Gerçeğin ortaya konulması adına, bir hususun altını burada çizelim.
Emperyalistlerin desteğiyle bölgeye yerleşmeye başladıkları günden bu yana Siyonistlerin, arkaik ırkçı görüşle besledikleri inançları doğrultusunda gerçekleştirdikleri terör ve şiddet, bu anlaşma ile birlikte daha geniş alanda sergilenmeye başlayacaktır. Özellikle olan bu kadar olaya rağmen, çok daha küçük başka konularla ilgili olayda dahi harekete geçen bölge ülkelerinin ve toplumlarının sessizlikleri manidardır.
Güya Hz. İbrahim’in adını referans olarak göstererek “dini” bir atıfla meşruiyetini güçlendirmek istedikleri anlaşma, tekrar edelim, bölgeye düzen değil, kendi iktidarları için bölgeyi ateşe atmayı göze alanlarla çıkarlarına, terörist Siyonist rejiminin kanlı stratejisine hizmet edecek fitne, fesat ve kaos metnidir.
Kimileri, süreçle ilgili, hafızası olmayan, dolayısıyla geleceği göremeyen yorumlarıyla, asıl sürecin nereye evrildiğini gizlemeye hizmet edecek yorumlar yapmaya devam edecektir. Biz, Memur-Sen ailesi olarak, ilk günden itibaren, sürecin ırkçı Siyonist rejimin, bir strateji dahilinde hareket ettiğini, bunun gerek başta ABD olmak üzere dünyanın bir çok ülkesindeki Yahudi lobileri sayesinde, özellikle medya aracılığıyla insanlığın gözü önünde gerçekleştirdiği katliam faaliyetlerinin dahi üzerini örttüğü ve en önemlisi de kendisinden başka kimseye hayat hakkı tanımadığını dile getirdik getirmeye de devam edeceğiz.
Öte yandan, hangi kirli projeyle, hangi rüşvet ilişkisiyle oluşturulsa oluşturulsun, Filistinlilerin ve Kudüs’ün kirli pazarlıkların malzemesi yapılmasına izin vermemek için dünyanın bütün iyi insanlarıyla birlikte hareket etmeye devam edeceğiz.
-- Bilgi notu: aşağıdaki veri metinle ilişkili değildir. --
(* Let $p_0$ be a probability mass function on the finite set $\mathcal{X}$, and define $m(q) := \mathbb{E}_{a \sim p_0}[f_q(a)]$ and $v(q) := \mathbb{V}_{a \sim p_0}[f_q(a)]$ for $q \in [0,1]$. Assume: (1) for every $a \in \mathcal{X}$ the map $q \mapsto f_q(a)$ is real analytic on an open interval containing $[0,1]$; (2) there exists $\epsilon \in (0, 1/2)$ with $m(0) \le \epsilon$ and $m(1) \ge 1 - \epsilon$; (3) there exist $a, a' \in \mathrm{supp}(p_0)$ such that $f_q(a) \ne f_q(a')$ for some $q \in [0,1]$. Then there exists $q_0 \in (0,1)$ such that $m(q_0) \in (\epsilon, 1-\epsilon)$ and $v(q_0) > 0$.
   Context: Let $\Sigma$ be a finite set of tokens, $\Sigma^*$ the set of finite token strings, and $\mathcal{X}$ the (finite) set of strings of length at most some fixed $L$. For strings $u, v$, $uv$ denotes concatenation. Let $\mathcal{C} : \Sigma^* \to \{0,1\}$ be a fixed classifier, $x$ a fixed string, and for each $q \in [0,1]$ let $N_{q,x}$ be a probability distribution on strings. The relaxed fitness is $f_q(a) := \mathbb{E}_{x' \sim N_{q,x}}[\mathcal{C}(a x')]$ for $a \in \mathcal{X}$. *)

theory Defs
  imports "HOL-Probability.Probability"
begin

definition real_analytic_on :: "real set \<Rightarrow> (real \<Rightarrow> real) \<Rightarrow> bool" where
  "real_analytic_on S g \<longleftrightarrow>
     (\<forall>y\<in>S. \<exists>r>0. \<exists>c::nat \<Rightarrow> real.
        \<forall>z. \<bar>z - y\<bar> < r \<longrightarrow> (\<lambda>n. c n * (z - y) ^ n) sums g z)"

definition strings_upto :: "nat \<Rightarrow> 'a list set" where
  "strings_upto L = {s. length s \<le> L}"

definition relaxed_fitness ::
  "('a list \<Rightarrow> bool) \<Rightarrow> (real \<Rightarrow> 'a list \<Rightarrow> 'a list pmf) \<Rightarrow> 'a list \<Rightarrow> real \<Rightarrow> 'a list \<Rightarrow> real" where
  "relaxed_fitness C N x q a =
     measure_pmf.expectation (N q x) (\<lambda>x'. of_bool (C (a @ x')))"

end

theory Submission
  imports Defs "HOL-Complex_Analysis.Complex_Analysis"
begin

text \<open>Suppose no such q0 exists. The mean m is continuous and crosses the band
  (\<epsilon>, 1 - \<epsilon>) strictly inside (0, 1), so it stays in the band on a whole open interval;
  there the variance vanishes, i.e. all fitness functions of the support coincide. Being real
  analytic on an interval containing [0, 1], any two of them then agree on all of [0, 1]
  by the identity theorem, contradicting the non-constancy hypothesis.\<close>

lemma real_analytic_on_subset:
  "real_analytic_on S g \<Longrightarrow> T \<subseteq> S \<Longrightarrow> real_analytic_on T g"
  unfolding real_analytic_on_def by blast

lemma real_analytic_on_diff:
  assumes "real_analytic_on S g" "real_analytic_on S h"
  shows "real_analytic_on S (\<lambda>z. g z - h z)"
  unfolding real_analytic_on_def
proof
  fix y assume y: "y \<in> S"
  obtain r c where r: "r > 0" and g: "\<forall>z. \<bar>z - y\<bar> < r \<longrightarrow> (\<lambda>n. c n * (z - y) ^ n) sums g z"
    using assms(1) y unfolding real_analytic_on_def by blast
  obtain r' c' where r': "r' > 0" and h: "\<forall>z. \<bar>z - y\<bar> < r' \<longrightarrow> (\<lambda>n. c' n * (z - y) ^ n) sums h z"
    using assms(2) y unfolding real_analytic_on_def by blast
  have "(\<lambda>n. (c n - c' n) * (z - y) ^ n) sums (g z - h z)" if "\<bar>z - y\<bar> < min r r'" for z
    using sums_diff[OF g[rule_format] h[rule_format]] that by (simp add: left_diff_distrib)
  then show "\<exists>r>0. \<exists>c. \<forall>z. \<bar>z - y\<bar> < r \<longrightarrow> (\<lambda>n. c n * (z - y) ^ n) sums (g z - h z)"
    using r r' by (metis min_less_iff_conj)
qed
Biz İbrahim’e dairliğini ve İbrahim hassasiyetini su taşıyarak tescilleyen karıncanın tarafında ve yanındayız.
Biz, ebabil kuşlarının ebrehenin fillerini yendiğine dair imandan hiç geri çekilmedik, dolayısıyla Filistin’e dair gündemde, İsrail’in ürettiği sorun, vahşet ve zulümde de hakkın ve adaletin kazanacağını biliyor ve iman ediyoruz.
Dolayısıyla, emperyalizmi yeneceğiz, onun oluşturduğu mevzuatı da çöpe atacağız.
Filistin ve mazlumlar bizim mihengimizdir.
Kudüs direncimizi bileyleyen, inancımızdır.
İşbirlikçiler kaybedecek… İman, adalet ve FİLİSTİN kazanacak.